The strangest things seemed to rise to his notice and then fall again—a peaked policeman's hat, flowers, a sudden flame of gas, the staring eyes and dead white arms of the golden woman, the flying forms of the horses in front of him. All the world was on horseback, all the world was racing higher and higher, faster and faster. He saw someone near him rise on to his horse's back and stand on it, waving his arms. He would like to have done that, but he found that he was part of his horse, as though he had been glued to it. He shouted, he cried aloud, he was so happy that he thought of no one and nothing... The flame danced about him in a circle, he seemed to rise so high that there was a sudden stillness, he was in the very heart of the stars; then came the supreme moment when, as he had always known, that one day he would be, he was master of the world... Then, like Lucifer, he fell. Slowly the stars receded, the music slackened, people rocked on to their feet again... The Two-Headed Giant slipped hack once more into his place, he saw the sinister lady still devouring her supper, women looking up at him gaped. His horse gave a last little leap and died.

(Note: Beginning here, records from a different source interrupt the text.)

lemma dihedral_commute_iff:
  assumes "odd n" "x \<in> carrier (dihedral_group n)" "y \<in> carrier (dihedral_group n)"
  shows "x \<otimes>\<^bsub>dihedral_group n\<^esub> y = y \<otimes>\<^bsub>dihedral_group n\<^esub> x \<longleftrightarrow>
    x = \<one>\<^bsub>dihedral_group n\<^esub> \<or> y = \<one>\<^bsub>dihedral_group n\<^esub> \<or> x = y \<or> \<not> snd x \<and> \<not> snd y"
proof -
  have "0 < n" using assms(1) by (rule odd_pos)
  obtain a b c d where x: "x = (a, b)" "a < n" and y: "y = (c, d)" "c < n"
    using assms(2,3) by (cases x; cases y) (auto simp: dihedral_carrier)
  have "x \<otimes>\<^bsub>dihedral_group n\<^esub> y = y \<otimes>\<^bsub>dihedral_group n\<^esub> x \<longleftrightarrow>
      int n dvd (int a + (if b then - int c else int c)) - (int c + (if d then - int a else int a))"
    using x y by (auto simp: dihedral_mult nat_mod_eq_iff_dvd[OF \<open>0 < n\<close>])
  also have "\<dots> \<longleftrightarrow> x = \<one>\<^bsub>dihedral_group n\<^esub> \<or> y = \<one>\<^bsub>dihedral_group n\<^esub> \<or> x = y \<or> \<not> snd x \<and> \<not> snd y"
  proof (cases b; cases d)
    assume b d
    then show ?thesis
      using odd_dvd_double_diff_iff[OF assms(1) x(2) y(2)] by (simp add: x y dihedral_one algebra_simps)
  next
    assume b "\<not> d"
    then show ?thesis
      using odd_dvd_double_diff_iff[OF assms(1) y(2) _, of 0] \<open>0 < n\<close> by (simp add: x y dihedral_one algebra_simps)
  next
    assume "\<not> b" d
    then show ?thesis
      using odd_dvd_double_diff_iff[OF assms(1) x(2) _, of 0] \<open>0 < n\<close> by (simp add: x y dihedral_one algebra_simps)
  qed (simp add: x y)
  finally show ?thesis .
qed

lemma centralizer_one:
  assumes "monoid G"
  shows "centralizer G \<one>\<^bsub>G\<^esub> = carrier G"
  using assms by (auto simp: centralizer_def monoid.l_one monoid.r_one)

lemma dihedral_centralizer_rotation:
  assumes "odd n" "0 < r" "r < n"
  shows "centralizer (dihedral_group n) (r, False) = {0..<n} \<times> {False}"
proof -
  have "x \<in> centralizer (dihedral_group n) (r, False) \<longleftrightarrow> x \<in> carrier (dihedral_group n) \<and> \<not> snd x" for x
    using dihedral_commute_iff[OF assms(1), of x "(r, False)"] assms(2,3)
    unfolding centralizer_def by (auto simp: dihedral_carrier dihedral_one)
  then show ?thesis
    by (auto simp: dihedral_carrier)
qed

This marvellous experience he repeated four times, and every time with an ecstasy more complete than the last. He rushed to a height, he fell, he rushed again, he fell, and at every return to a sober life his one intention was instantly to be off on his steed once more. He was about to start on his fifth journey, he had paid his halfpenny, he was sitting forward with his hands on the black mane, his eyes, staring, were filled already with the glory that he knew was coming to him, his cheeks were crimson, his hat on the back of his head, his hair flying. He heard a voice, quiet and cool, a little below him, but very near:

“Jeremy... Jeremy. Come off that. You've got to go home.”

He looked down and saw his Uncle Samuel.